If you are applying a reset you might need to specify a 'pragma' so that the synthesis tool correctly identifies it.
Also latches should use = not <=, when they are enabled they are combinatorial (open) and will not break feedback loops.
This is typical way to create a latch with an asynchronous reset:
//synopsys async_set_reset "rst_an"
always #* begin
if (~rst_an) begin
// Reset
x = 1'b0;
end
else if (latch_open) begin
//next datavalue
x = y ;
end
end
In your case you might want something like :
//synopsys async_set_reset "rst_an"
always #* begin
if (~rst_an) begin
pwr_off_req_latched = 1'b0;
end
else if ( pwr_off_req ) begin
pwr_off_req_latched = 1'b1 ;
end
end
Latches can create problems for timing analysis tools. They also don't map to certain (FPGA) architectures directly, so are much harder for the place-and-route tools. Hence the warnings.
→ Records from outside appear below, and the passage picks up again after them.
(* Let $\underline{P}$ be a lower prevision that is 2-coherent wherever it is defined (its domain containing the gambles below), with conjugate $\overline{P}$. Let $X$ be a gamble and $0<s<t$. Then (a) $[\underline{P}(|X|^s)]^{1/s}\le[\overline{P}(|X|^s)]^{1/s}\le[\overline{P}(|X|^t)]^{1/t}$; (b) if $X\ge 0$, then $[\underline{P}(X^s)]^{1/s}\le[\underline{P}(X^t)]^{1/t}$.
   Context: $\Pi$ is a partition of the sure event into pairwise disjoint non-impossible events; a gamble is a bounded map $X:\Pi\to\mathbb{R}$, and $|X|^s$, $X^s$ are defined pointwise. A lower prevision $\underline{P}:\mathcal{D}\to\mathbb{R}$ is 2-coherent iff for all $X_0,X_1\in\mathcal{D}$, $s_1\ge 0$, $s_0\in\mathbb{R}$, $\sup[s_1(X_1-\underline{P}(X_1))-s_0(X_0-\underline{P}(X_0))]\ge 0$; its conjugate is $\overline{P}(Y)=-\underline{P}(-Y)$. *)

theory Defs
  imports Complex_Main
begin

text \<open>The partition \<Pi> is modelled by a type 'w (types are nonempty).
  A gamble is a bounded real function on 'w.\<close>

definition gamble :: "('w \<Rightarrow> real) \<Rightarrow> bool" where
  "gamble X \<longleftrightarrow> bdd_above (range (\<lambda>w. \<bar>X w\<bar>))"

definition two_coherent :: "('w \<Rightarrow> real) set \<Rightarrow> (('w \<Rightarrow> real) \<Rightarrow> real) \<Rightarrow> bool" where
  "two_coherent D LP \<longleftrightarrow>
     (\<forall>X0\<in>D. \<forall>X1\<in>D. \<forall>s1::real. \<forall>s0::real. s1 \<ge> 0 \<longrightarrow>
        (SUP w. s1 * (X1 w - LP X1) - s0 * (X0 w - LP X0)) \<ge> 0)"

definition conj_upper :: "(('w \<Rightarrow> real) \<Rightarrow> real) \<Rightarrow> ('w \<Rightarrow> real) \<Rightarrow> real" where
  "conj_upper LP Y = - LP (\<lambda>w. - Y w)"

end

theory Submission
  imports Defs "HOL-Analysis.Convex"
begin

text \<open>For \<open>r > 1\<close> the map \<open>x \<mapsto> x\<^sup>r\<close> lies above its tangent at every \<open>u \<ge> 0\<close>, and that tangent
  has nonnegative slope. A single instance of 2-coherence shows that lower and upper previsions
  respect such tangent bounds, which yields the Jensen-type inequalities
  \<open>\<underline>P(W)\<^sup>r \<le> \<underline>P(W\<^sup>r)\<close> and \<open>\<overline>P(W)\<^sup>r \<le> \<overline>P(W\<^sup>r)\<close> for \<open>W \<ge> 0\<close>. Taking \<open>W = |X|\<^sup>s\<close>, \<open>r = t/s\<close> and
  extracting \<open>t\<close>-th roots gives the theorem.\<close>

lemma powr_above_tangent:
  fixes u w r :: real
  assumes "0 \<le> u" "0 \<le> w" "1 < r"
  shows "r * u powr (r - 1) * (w - u) \<le> w powr r - u powr r"
proof -
  define q where "q = r / (r - 1)"
  have "1 < q" "1 / r + 1 / q = 1"
    using assms unfolding q_def by (simp_all add: field_simps)
  then have "w * u powr (r - 1) \<le> w powr r / r + (u powr (r - 1)) powr q / q"
    using assms by (intro Youngs_inequality) auto
  also have "(u powr (r - 1)) powr q = u powr r"
    using assms unfolding q_def by (simp add: powr_powr)
  finally have "r * (w * u powr (r - 1)) \<le> w powr r + (r - 1) * u powr r"
    using assms unfolding q_def by (simp add: field_simps)
  moreover have "u powr r = u powr (r - 1) * u"
    using assms by (cases "u = 0") (simp_all add: powr_diff)
  ultimately show ?thesis
    by (simp add: algebra_simps)
qed

lemma powr_inverse_le_of_powr_le:
  fixes a b s t :: real
  assumes "0 \<le> a" "0 < s" "0 < t" "a powr (t / s) \<le> b"
  shows "a powr (1 / s) \<le> b powr (1 / t)"
proof -
  have "a powr (1 / s) = (a powr (t / s)) powr (1 / t)"
    using assms by (simp add: powr_powr)
  also have "\<dots> \<le> b powr (1 / t)"
    using assms by (intro powr_mono2) auto
  finally show ?thesis .
qed

lemma two_coherentD_bound:
  assumes "two_coherent D LP" "X0 \<in> D" "X1 \<in> D" "0 \<le> s1"
    and "\<And>w. s1 * (X1 w - LP X1) - s0 * (X0 w - LP X0) \<le> c"
  shows "0 \<le> c"
proof -
  have "0 \<le> (SUP w. s1 * (X1 w - LP X1) - s0 * (X0 w - LP X0))"
    using assms unfolding two_coherent_def by blast
  also have "\<dots> \<le> c"
    using assms(5) by (rule cSUP_least[OF UNIV_not_empty])
  finally show ?thesis .
qed

lemma two_coherent_lower_le_upper:
  assumes "two_coherent D LP" "Y \<in> D" "(\<lambda>w. - Y w) \<in> D"
  shows "LP Y \<le> conj_upper LP Y"
  using two_coherentD_bound[OF assms(1,3,2), of 1 "-1" "- LP Y - LP (\<lambda>w. - Y w)"]
  by (simp add: conj_upper_def)

lemma two_coherent_lower_above_tangent:
  assumes "two_coherent D LP" "W \<in> D" "V \<in> D" "0 \<le> c"
    and "\<And>w. c * (W w - LP W) \<le> V w - a"
  shows "a \<le> LP V"
  using two_coherentD_bound[OF assms(1,3,2,4), of 1 "LP V - a"] assms(5)
  by (simp add: algebra_simps)

text \<open>Unlike the lower version, no sign condition on the slope \<open>c\<close> is needed: the gamble \<open>-W\<close>
  enters the coherence condition with the unrestricted coefficient \<open>s\<^sub>0\<close>.\<close>

lemma two_coherent_upper_above_tangent:
  assumes "two_coherent D LP" "(\<lambda>w. - W w) \<in> D" "(\<lambda>w. - V w) \<in> D"
    and "\<And>w. c * (W w - conj_upper LP W) \<le> V w - a"
  shows "a \<le> conj_upper LP V"
  using two_coherentD_bound[OF assms(1,2,3), of 1 c "conj_upper LP V - a"] assms(4)
  by (simp add: conj_upper_def algebra_simps)

lemma two_coherent_lower_nonneg:
  assumes "two_coherent D LP" "W \<in> D" "\<And>w. 0 \<le> W w"
  shows "0 \<le> LP W"
  by (rule two_coherent_lower_above_tangent[OF assms(1,2,2), where c = 0]) (simp_all add: assms(3))

lemma two_coherent_upper_nonneg:
  assumes "two_coherent D LP" "(\<lambda>w. - W w) \<in> D" "\<And>w. 0 \<le> W w"
  shows "0 \<le> conj_upper LP W"
  by (rule two_coherent_upper_above_tangent[OF assms(1,2,2), where c = 0]) (simp add: assms(3))

lemma two_coherent_lower_powr_le:
  assumes coh: "two_coherent D LP" and W: "W \<in> D" and "(\<lambda>w. W w powr r) \<in> D"
    and W_nonneg: "\<And>w. 0 \<le> W w" and "1 < r"
  shows "LP W powr r \<le> LP (\<lambda>w. W w powr r)"
proof -
  have "0 \<le> LP W"
    using coh W W_nonneg by (rule two_coherent_lower_nonneg)
  then show ?thesis
    using assms powr_above_tangent[OF \<open>0 \<le> LP W\<close> W_nonneg \<open>1 < r\<close>]
    by (intro two_coherent_lower_above_tangent[OF coh, of W "\<lambda>w. W w powr r" "r * LP W powr (r - 1)"])
      auto
qed

lemma two_coherent_upper_powr_le:
  assumes coh: "two_coherent D LP" and W: "(\<lambda>w. - W w) \<in> D"
    and "(\<lambda>w. - (W w powr r)) \<in> D" and W_nonneg: "\<And>w. 0 \<le> W w" and "1 < r"
  shows "conj_upper LP W powr r \<le> conj_upper LP (\<lambda>w. W w powr r)"
proof -
  have "0 \<le> conj_upper LP W"
    using coh W W_nonneg by (rule two_coherent_upper_nonneg)
  then show ?thesis
    using assms powr_above_tangent[OF \<open>0 \<le> conj_upper LP W\<close> W_nonneg \<open>1 < r\<close>]
    by (intro two_coherent_upper_above_tangent[OF coh,
          of W "\<lambda>w. W w powr r" "r * conj_upper LP W powr (r - 1)"]) auto
qed

theorem proposition1:
  fixes D :: "('w \<Rightarrow> real) set" and LP :: "('w \<Rightarrow> real) \<Rightarrow> real"
    and X :: "'w \<Rightarrow> real" and s t :: real
  assumes D_gambles: "\<forall>Y\<in>D. gamble Y"
    and coh: "two_coherent D LP"
    and X_gamble: "gamble X"
    and st: "0 < s" "s < t"
    and dom_s: "(\<lambda>w. \<bar>X w\<bar> powr s) \<in> D" "(\<lambda>w. - (\<bar>X w\<bar> powr s)) \<in> D"
    and dom_t: "(\<lambda>w. \<bar>X w\<bar> powr t) \<in> D" "(\<lambda>w. - (\<bar>X w\<bar> powr t)) \<in> D"
  shows "LP (\<lambda>w. \<bar>X w\<bar> powr s) powr (1 / s)
           \<le> conj_upper LP (\<lambda>w. \<bar>X w\<bar> powr s) powr (1 / s)
         \<and> conj_upper LP (\<lambda>w. \<bar>X w\<bar> powr s) powr (1 / s)
           \<le> conj_upper LP (\<lambda>w. \<bar>X w\<bar> powr t) powr (1 / t)
         \<and> ((\<forall>w. X w \<ge> 0) \<longrightarrow>
              LP (\<lambda>w. X w powr s) powr (1 / s) \<le> LP (\<lambda>w. X w powr t) powr (1 / t))"
proof -
  define W where "W = (\<lambda>w. \<bar>X w\<bar> powr s)"
  define r where "r = t / s"
  have r: "1 < r" and W_nonneg: "\<And>w. 0 \<le> W w"
    using st by (simp_all add: W_def r_def)
  have W_powr: "\<And>w. W w powr r = \<bar>X w\<bar> powr t"
    using st by (simp add: W_def r_def powr_powr)
  have dom_W: "W \<in> D" "(\<lambda>w. - W w) \<in> D" "(\<lambda>w. W w powr r) \<in> D" "(\<lambda>w. - (W w powr r)) \<in> D"
    using dom_s dom_t by (simp_all add: W_powr) (simp_all add: W_def)
  have "0 \<le> LP W" "LP W \<le> conj_upper LP W"
    using coh dom_W(1,2) W_nonneg
    by (simp_all add: two_coherent_lower_nonneg two_coherent_lower_le_upper)
  then have lower_le_upper_root: "LP W powr (1 / s) \<le> conj_upper LP W powr (1 / s)"
    using st by (simp add: powr_mono2)
  have "conj_upper LP W powr r \<le> conj_upper LP (\<lambda>w. \<bar>X w\<bar> powr t)"
    using two_coherent_upper_powr_le[OF coh dom_W(2,4) W_nonneg r] by (simp only: W_powr)
  then have upper_root_mono:
      "conj_upper LP W powr (1 / s) \<le> conj_upper LP (\<lambda>w. \<bar>X w\<bar> powr t) powr (1 / t)"
    using st \<open>0 \<le> LP W\<close> \<open>LP W \<le> conj_upper LP W\<close>
    by (intro powr_inverse_le_of_powr_le) (simp_all add: r_def)
  have "LP W powr r \<le> LP (\<lambda>w. \<bar>X w\<bar> powr t)"
    using two_coherent_lower_powr_le[OF coh dom_W(1,3) W_nonneg r] by (simp only: W_powr)
  then have lower_root_mono: "LP W powr (1 / s) \<le> LP (\<lambda>w. \<bar>X w\<bar> powr t) powr (1 / t)"
    using st \<open>0 \<le> LP W\<close> by (intro powr_inverse_le_of_powr_le) (simp_all add: r_def)
  have lower_root_mono_nonneg: "LP (\<lambda>w. X w powr s) powr (1 / s) \<le> LP (\<lambda>w. X w powr t) powr (1 / t)"
    if "\<forall>w. X w \<ge> 0"
  proof -
    from that have "\<bar>X w\<bar> = X w" for w
      by simp
    with lower_root_mono show ?thesis
      by (simp add: W_def)
  qed
  show ?thesis
    using lower_le_upper_root upper_root_mono lower_root_mono_nonneg by (simp add: W_def)
qed

end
However, what you are asking for is not a latch as I understand the digital logic sense - merely a flipflop which doesn't ever get reset.
So, it can be simplified to a simple d-type flipflop with the D input tied to 1 and the clk input connected to your pwr_off_req signal:
reg pwr_off_req_latched = 0;
always # (posedge pwr_off_req) begin
pwr_off_req_latched <= 1'b1;
end
You'll have no noise rejection on that at all - any positive going edge will latch the flipflop to 1.
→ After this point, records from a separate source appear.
(* Let $s\in\mathbb{N}$, $0<\alpha\le 1$, $1\le p\le\infty$, and let $f\in K_{\alpha,p}$. Then for every $L\in\mathbb{N}$, $$\Big|\sum_{\boldsymbol{k}\in\mathbb{Z}^s\setminus\{\boldsymbol{0}\}}\widetilde f(L\boldsymbol{k})\Big|\le \frac{s^{\alpha/p}}{L^\alpha}\,|f|_{H_{\alpha,p}}.$$
   Context: Convention: $s^{\alpha/p}=1$ when $p=\infty$. For $\boldsymbol{k},\boldsymbol{x}\in\mathbb{R}^s$, $\boldsymbol{k}\cdot\boldsymbol{x}=\sum_{j=1}^s k_jx_j$. For $f\in L^2([0,1]^s)$ the Fourier coefficients are $\widetilde f(\boldsymbol{k})=\int_{[0,1]^s}f(\boldsymbol{x})e^{-2\pi i\boldsymbol{k}\cdot\boldsymbol{x}}\,d\boldsymbol{x}$, $\boldsymbol{k}\in\mathbb{Z}^s$. For $0<\alpha\le1$, $1\le p\le\infty$, the Hölder seminorm is $|f|_{H_{\alpha,p}}=\sup\{|f(\boldsymbol{x}+\boldsymbol{h})-f(\boldsymbol{x})|/\|\boldsymbol{h}\|_{\ell^p}^\alpha:\ \boldsymbol{h}\neq\boldsymbol{0},\ \boldsymbol{x},\boldsymbol{x}+\boldsymbol{h}\in[0,1)^s\}$. A function $f:[0,1]^s\to\mathbb{R}$ is one-periodic if $f(\boldsymbol{x}_u,\boldsymbol{0})=f(\boldsymbol{x}_u,\boldsymbol{1})$ for all $u\subseteq\{1,\dots,s\}$ and $\boldsymbol{x}_u\in[0,1]^u$, where $(\boldsymbol{x}_u,\boldsymbol{0})$ (resp. $(\boldsymbol{x}_u,\boldsymbol{1})$) has $j$th coordinate $x_j$ for $j\in u$ and $0$ (resp. $1$) otherwise. The space $K_{\alpha,p}$ consists of all one-periodic $f\in L^2([0,1]^s)$, $f:[0,1]^s\to\mathbb{R}$, with finite norm $\|f\|_{K_{\alpha,p}}=\sum_{\boldsymbol{k}\in\mathbb{Z}^s}|\widetilde f(\boldsymbol{k})|+|f|_{H_{\alpha,p}}$. *)

theory Defs
  imports "HOL-Analysis.Analysis" "HOL-Library.Extended_Real"
begin

text \<open>Points of [0,1]^s are vectors of type real^'s; the dimension s is CARD('s).
  The exponent p ranges over [1,\<infinity>] and is modelled as an extended real.\<close>

definition kdot :: "int ^ 's \<Rightarrow> real ^ 's \<Rightarrow> real" where
  "kdot k x = (\<Sum>j\<in>UNIV. of_int (k $ j) * x $ j)"

definition fourier_coeff :: "(real ^ 's \<Rightarrow> real) \<Rightarrow> int ^ 's \<Rightarrow> complex" where
  "fourier_coeff f k = integral (cbox 0 1)
     (\<lambda>x. complex_of_real (f x) * exp (- (2 * of_real pi * \<i> * complex_of_real (kdot k x))))"

definition lp_norm :: "ereal \<Rightarrow> real ^ 's \<Rightarrow> real" where
  "lp_norm p h = (if p = \<infinity> then Max (range (\<lambda>j. \<bar>h $ j\<bar>))
                  else (\<Sum>j\<in>UNIV. \<bar>h $ j\<bar> powr real_of_ereal p) powr (1 / real_of_ereal p))"

definition halfopen_cube :: "(real ^ 's) set" where
  "halfopen_cube = {x. \<forall>j. 0 \<le> x $ j \<and> x $ j < 1}"

definition holder_quotients :: "real \<Rightarrow> ereal \<Rightarrow> (real ^ 's \<Rightarrow> real) \<Rightarrow> real set" where
  "holder_quotients \<alpha> p f =
     {\<bar>f (x + h) - f x\<bar> / (lp_norm p h) powr \<alpha> | x h.
        h \<noteq> 0 \<and> x \<in> halfopen_cube \<and> x + h \<in> halfopen_cube}"

definition holder_seminorm :: "real \<Rightarrow> ereal \<Rightarrow> (real ^ 's \<Rightarrow> real) \<Rightarrow> real" where
  "holder_seminorm \<alpha> p f = Sup (holder_quotients \<alpha> p f)"

definition one_periodic :: "(real ^ 's \<Rightarrow> real) \<Rightarrow> bool" where
  "one_periodic f \<longleftrightarrow>
     (\<forall>u x. x \<in> cbox 0 1 \<longrightarrow>
        f (\<chi> j. if j \<in> u then x $ j else 0) = f (\<chi> j. if j \<in> u then x $ j else 1))"

definition square_integrable_on_cube :: "(real ^ 's \<Rightarrow> real) \<Rightarrow> bool" where
  "square_integrable_on_cube f \<longleftrightarrow>
     f measurable_on cbox 0 1 \<and> (\<lambda>x. (f x)\<^sup>2) integrable_on cbox 0 1"

definition K_space :: "real \<Rightarrow> ereal \<Rightarrow> (real ^ 's \<Rightarrow> real) set" where
  "K_space \<alpha> p = {f. one_periodic f \<and> square_integrable_on_cube f
      \<and> (\<lambda>k. norm (fourier_coeff f k)) summable_on UNIV
      \<and> bdd_above (holder_quotients \<alpha> p f)}"

definition dim_factor :: "real \<Rightarrow> ereal \<Rightarrow> 's itself \<Rightarrow> real" where
  "dim_factor \<alpha> p _ = (if p = \<infinity> then 1 else real CARD('s) powr (\<alpha> / real_of_ereal p))"

end

theory Submission
  imports Defs
begin

(* Let K_n(x) = |sum_{m in {0..n}^s} e(L m.x)|^2 / (n+1)^s. This Fejer-type kernel is nonnegative,
   has integral 1 and is invariant under translation by the grid (1/L)Z^s. Hence the integral of
   f K_n - f splits over the L^s cells of side 1/L, and on each cell it is bounded by the
   oscillation of f there, which the Hoelder condition bounds by s^(alpha/p) L^(-alpha) |f|_H.
   Expanding the square, the integral of f K_n is sum_k w_n(k) f^(L k) with Fejer weights
   w_n(k) = prod_j (1 - |k_j|/(n+1))_+ in [0,1] tending to 1, so absolute summability of the
   Fourier coefficients lets n tend to infinity, and f^(0) is the integral of f. *)

section \<open>Grid cells of the unit cube\<close>

definition grid :: "nat \<Rightarrow> ('s::finite \<Rightarrow> nat) set" where
  "grid N = PiE UNIV (\<lambda>_. {..<N})"

definition grid_point :: "nat \<Rightarrow> ('s::finite \<Rightarrow> nat) \<Rightarrow> real^'s" where
  "grid_point N a = (\<chi> j. real (a j) / real N)"

definition cell_corner :: "nat \<Rightarrow> real^'s::finite" where
  "cell_corner N = (\<chi> j. 1 / real N)"

definition cell :: "nat \<Rightarrow> ('s::finite \<Rightarrow> nat) \<Rightarrow> (real^'s) set" where
  "cell N a = cbox (grid_point N a) (grid_point N a + cell_corner N)"

lemma finite_grid: "finite (grid N)"
  unfolding grid_def by (intro finite_PiE) auto

lemma mem_grid_iff: "a \<in> grid N \<longleftrightarrow> (\<forall>j. a j < N)"
  unfolding grid_def by (auto simp: PiE_iff)

lemma mem_cell_iff:
  "x \<in> cell N a \<longleftrightarrow> (\<forall>j. real (a j) / N \<le> x $ j \<and> x $ j \<le> (real (a j) + 1) / N)"
  by (auto simp: cell_def mem_box_cart grid_point_def cell_corner_def add_divide_distrib)

lemma grid_point_in_cell: "N \<ge> 1 \<Longrightarrow> grid_point N a \<in> cell N a"
  by (auto simp: cell_def cell_corner_def grid_point_def mem_box_cart)

lemma cell_subset_cube:
  assumes "N \<ge> 1" and "a \<in> grid N"
  shows "cell N a \<subseteq> cbox 0 1"
proof
  fix x assume "x \<in> cell N a"
  moreover have "(real (a j) + 1) / real N \<le> 1" for j
  proof -
    have "a j + 1 \<le> N" using assms(2) by (simp add: mem_grid_iff Suc_le_eq)
    then show ?thesis using assms(1) by (simp add: divide_le_eq_1)
  qed
  ultimately show "x \<in> cbox 0 1"
    unfolding mem_cell_iff mem_box_cart zero_index one_index by (meson divide_nonneg_nonneg of_nat_0_le_iff order_trans)
qed

lemma interior_cells_disjoint:
  assumes "N \<ge> 1" and "a \<noteq> b"
  shows "interior (cell N a) \<inter> interior (cell N b) = {}"
proof (rule ccontr)
  obtain j where j: "a j \<noteq> b j" using assms(2) by auto
  assume "interior (cell N a) \<inter> interior (cell N b) \<noteq> {}"
  then obtain x where "x \<in> interior (cell N a)" "x \<in> interior (cell N b)" by blast
  then have "real (a j) / N < x $ j" "x $ j < (real (a j) + 1) / N"
    "real (b j) / N < x $ j" "x $ j < (real (b j) + 1) / N"
    by (auto simp: cell_def mem_box_cart grid_point_def cell_corner_def add_divide_distrib)
  then have "real (a j) / N < (real (b j) + 1) / N" "real (b j) / N < (real (a j) + 1) / N"
    by linarith+
  then have "real (a j) < real (b j) + 1" "real (b j) < real (a j) + 1"
    using assms(1) by (simp_all add: divide_less_cancel)
  then show False using j by linarith
qed

lemma cube_subset_Union_cells:
  assumes N: "N \<ge> 1"
  shows "cbox 0 1 \<subseteq> \<Union> (cell N ` grid N)"
proof
  fix x :: "real^'s" assume x: "x \<in> cbox 0 1"
  define a where "a = (\<lambda>j. min (N - 1) (nat \<lfloor>real N * x $ j\<rfloor>))"
  have "x \<in> cell N a"
    unfolding mem_cell_iff
  proof
    fix j
    have x01: "0 \<le> x $ j" "x $ j \<le> 1" using x by (auto simp: mem_box_cart)
    have Npos: "real N > 0" using N by simp
    show "real (a j) / N \<le> x $ j \<and> x $ j \<le> (real (a j) + 1) / N"
    proof (cases "nat \<lfloor>real N * x $ j\<rfloor> \<le> N - 1")
      case True
      then have "real (a j) = of_int \<lfloor>real N * x $ j\<rfloor>"
        using x01 by (simp add: a_def min_def)
      moreover have "of_int \<lfloor>real N * x $ j\<rfloor> \<le> real N * x $ j"
        "real N * x $ j < of_int \<lfloor>real N * x $ j\<rfloor> + 1" by linarith+
      ultimately show ?thesis using Npos by (auto simp: field_simps)
    next
      case False
      then have "real N * x $ j \<ge> real N" by linarith
      then have "x $ j = 1" using x01 Npos by (simp add: mult_le_cancel_left1)
      moreover have "real (a j) = real N - 1" using False N by (simp add: a_def of_nat_diff)
      ultimately show ?thesis using Npos by (auto simp: field_simps)
    qed
  qed
  moreover have "a \<in> grid N" using N by (auto simp: a_def mem_grid_iff)
  ultimately show "x \<in> \<Union> (cell N ` grid N)" by blast
qed

lemma cells_division_of_cube:
  assumes "N \<ge> 1"
  shows "cell N ` grid N division_of cbox (0::real^'s::finite) 1"
proof (rule division_ofI)
  show "finite (cell N ` (grid N :: ('s \<Rightarrow> nat) set))" using finite_grid by blast
  show "\<Union> (cell N ` grid N) = (cbox 0 1 :: (real^'s) set)"
    using cell_subset_cube[OF assms] cube_subset_Union_cells[OF assms] by (intro subset_antisym) auto
  fix K :: "(real^'s) set" assume "K \<in> cell N ` grid N"
  then obtain a where a: "a \<in> grid N" and K: "K = cell N a" by blast
  show "K \<subseteq> cbox 0 1" using cell_subset_cube[OF assms a] K by simp
  show "K \<noteq> {}" using grid_point_in_cell[OF assms, of a] K by blast
  show "\<exists>a b. K = cbox a b" unfolding K cell_def by blast
  fix K' assume "K' \<in> cell N ` grid N" "K \<noteq> K'"
  then obtain b where "K' = cell N b" "a \<noteq> b" using K by blast
  then show "interior K \<inter> interior K' = {}"
    using K interior_cells_disjoint[OF assms] by simp
qed

lemma inj_on_cell:
  assumes "N \<ge> 1"
  shows "inj_on (cell N) (grid N :: ('s::finite \<Rightarrow> nat) set)"
proof (rule inj_onI)
  fix a b :: "'s \<Rightarrow> nat"
  assume "cell N a = cell N b"
  moreover have "cell N a \<noteq> {}" using grid_point_in_cell[OF assms, of a] by blast
  ultimately have "grid_point N a = grid_point N b"
    unfolding cell_def by (simp add: eq_cbox)
  then show "a = b"
    using assms by (auto simp: grid_point_def vec_eq_iff fun_eq_iff)
qed

lemma integrable_on_cell_shifted:
  fixes g :: "real^'s::finite \<Rightarrow> 'b::banach"
  assumes "N \<ge> 1" and "g integrable_on cbox 0 1" and "a \<in> grid N"
  shows "(\<lambda>y. g (grid_point N a + y)) integrable_on cbox 0 (cell_corner N)"
proof -
  have "g integrable_on cell N a"
    using integrable_on_subcbox[OF assms(2)] cell_subset_cube[OF assms(1,3)] by (simp add: cell_def)
  then show ?thesis
    using integrable_on_shift_cbox[of g "grid_point N a" 0 "cell_corner N"]
    by (simp add: cell_def o_def add.commute)
qed

lemma integral_cube_eq_sum_cells:
  fixes g :: "real^'s::finite \<Rightarrow> 'b::banach"
  assumes N: "N \<ge> 1" and g: "g integrable_on cbox 0 1"
  shows "integral (cbox 0 1) g
           = (\<Sum>a\<in>grid N. integral (cbox 0 (cell_corner N)) (\<lambda>y. g (grid_point N a + y)))"
proof -
  have "integral (cbox 0 1) g = (\<Sum>K\<in>cell N ` grid N. integral K g)"
    by (rule integral_combine_division_topdown[OF g cells_division_of_cube[OF N]])
  also have "\<dots> = (\<Sum>a\<in>grid N. integral (cell N a) g)"
    by (rule sum.reindex[OF inj_on_cell[OF N], unfolded o_def])
  also have "\<dots> = (\<Sum>a\<in>grid N. integral (cbox 0 (cell_corner N)) (\<lambda>y. g (grid_point N a + y)))"
  proof (rule sum.cong[OF refl])
    fix a :: "'s \<Rightarrow> nat" assume "a \<in> grid N"
    then have "((\<lambda>y. g (grid_point N a + y)) has_integral
                 integral (cbox 0 (cell_corner N)) (\<lambda>y. g (grid_point N a + y))) (cbox 0 (cell_corner N))"
      using integrable_on_cell_shifted[OF N g] by blast
    then have "(g has_integral integral (cbox 0 (cell_corner N)) (\<lambda>y. g (grid_point N a + y))) (cell N a)"
      using has_integral_shift_cbox_iff[of g "grid_point N a" _ 0 "cell_corner N"]
      by (simp add: cell_def o_def add.commute)
    then show "integral (cell N a) g = integral (cbox 0 (cell_corner N)) (\<lambda>y. g (grid_point N a + y))"
      by (rule integral_unique)
  qed
  finally show ?thesis .
qed

section \<open>Characters\<close>

definition character :: "int^'s::finite \<Rightarrow> real^'s \<Rightarrow> complex" where
  "character k x = exp (2 * of_real pi * \<i> * complex_of_real (kdot k x))"

lemma kdot_minus_left: "kdot (- k) x = - kdot k x"
  by (simp add: kdot_def sum_negf)

lemma kdot_diff_left: "kdot (k - l) x = kdot k x - kdot l x"
  by (simp add: kdot_def left_diff_distrib sum_subtractf)

lemma kdot_add_right: "kdot k (x + y) = kdot k x + kdot k y"
  by (simp add: kdot_def distrib_left sum.distrib)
If I were doing this, I would run the input into a double-flip-flop synchroniser and then count a few clock pulses of the synchronised signal to make sure it's not noise before setting the latched signal. Unless you are expecting real events shorter than a few clock pulses that'd the way to do it.
Aside:
A "latch" in the digital logic world usually means either
a circuit whose output holds whichever of the two inputs was last high (a Set/Reset or SR latch)
a circuit whose output holds the input value while a control signal is inactive, but follows the input when the control signal is low - a transparent latch
This is in comparison to a flipflop, whose output holds some aspect related to the input(s) when the control signal changes (usually) from low to high, and ignores the inputs except for a tiny time window around that rising edge. These are D-type, T-type and JK-type flipflops, depending on how the output behaves relative to the input.